Mój sen był krótki, przerywany ciągłymi nagłymi pobudkami z myślą, wciąż tą samą: "Ale, czy Oskar potrafi dotrzymać słowa?" Z drugiej strony, nie mogłem znieść myśli o tym, że dopiero za kilka godzin znów spotkam go w szkole. A właściwie przed lekcjami, bo następnego dnia mieliśmy zaczynać naukę dopiero od 9:00 rano. W tamtym momencie, nic nie było pewne. W końcu, po kilkudziesięcio- minutowych przemyśleniach udało mi się zasnąć.

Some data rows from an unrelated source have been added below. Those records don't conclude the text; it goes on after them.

(* Let $m\ge 2$. For $i=1,\dots,m$ let $p_i(z)=\sum_{j\ge1}p_{i,j}z^j$ be a power series with nonnegative real coefficients, zero constant term and radius of convergence $R_i>0$. For $n\ge0$ let $$D_n=\sum_{(c_1,\dots,c_m)}\ \prod_{i=1}^m\ \prod_{\ell=1}^{k} p_{i,c_{i,\ell}},$$ where the sum ranges over all $m$-tuples $(c_1,\dots,c_m)$ such that, for some common $k\ge0$, each $c_i=(c_{i,1},\dots,c_{i,k})$ is a composition of $n$ with exactly $k$ parts (a $k$-tuple of positive integers summing to $n$; for $n=0$ only the empty composition with $k=0$ is allowed, contributing $1$). (When all $p_{i,j}\in\{0,1\}$, $D_n$ is the number of $m$-tuples of compositions of $n$, the $i$-th one having all its parts in $\mathcal P_i=\{j: p_{i,j}=1\}$, all having the same number of parts.) Let $D(z)=\sum_{n\ge0}D_nz^n$. Fix radii $r_2,\dots,r_m>0$ with $1/r_i<R_i$ for $i=2,\dots,m$. Then there is $\delta>0$ such that for all complex $z$ with $|z|<\delta$ the series $D(z)$ converges and $$D(z)=\frac{1}{(2i\pi)^{m-1}}\oint\cdots\oint \frac{1}{1-p_1(z\,t_2\cdots t_m)\,p_2(1/t_2)\cdots p_m(1/t_m)}\,\frac{dt_2}{t_2}\cdots\frac{dt_m}{t_m},$$ where each $t_j$ runs counterclockwise over the circle $|t_j|=r_j$. *)

theory Defs
  imports "HOL-Complex_Analysis.Complex_Analysis"
begin

definition compositions :: "nat \<Rightarrow> nat \<Rightarrow> nat list set" where
  "compositions n k = {cs. length cs = k \<and> (\<forall>x\<in>set cs. 0 < x) \<and> sum_list cs = n}"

Ranek.. 6:50. Jak zawsze, budzę się, jem śniadanie, pakuję się, idę na przystanek. Próbuję myśleć o czymś przyjemnym - nie udaje się. Cały czas sytuacja z wczoraj. Dziwnie się czuję, nie chcę patrzeć ludziom w oczy, przez autobus idę ze spuszczoną głową. Serce podchodzi mi do gardła, kiedy dostaję SMSa od .. Tak, nadawcą jest Oskar. Własciwie, powinienem zapisać ten kontakt jako "Pan".
NIE! Krzyknąłem w myślach. To nie może być, o czym ja w ogóle marzę? Wszystko się za chwilę wyjaśni... Chyba.
Otwieram wiadomość.
"Psie, godzina 7:50, pod "Tarasem", masz być punkt."
Przełknąłem ślinę. Zacząłem analizować każde słowo.
Psie - ..cczyli jednak nie zapomniał. "Mój Pan, Oskar "- muszę zacząć się przyzwyczajać. W głębi duszy ucieszyłem się, przecież tyle lat na to czekałem.
godzina 7:50 - nie mogę się spóźnić, jest 7:20 więc powinienem zdążyć. To pies ma być punktualny, nie Pan. To pies ma czekać na swojego Władcę i wykonywać jego rozkazy.
Pod "Tarasem" - taras, taras - Tak nazywaliśmy wielką poczekalnię, na której ludzie czekali zwykle na autobusy w zimie. Jako że jest wczesna jesień, mało kto tam chodzi.
-Wysiadać! - obudził mnie z półsennego amoku krzyczący kierowca, otwierając trzeszczące drzwi.
Wysiadłem. Jest 7:46. Kilkaset metrów. Zdążę.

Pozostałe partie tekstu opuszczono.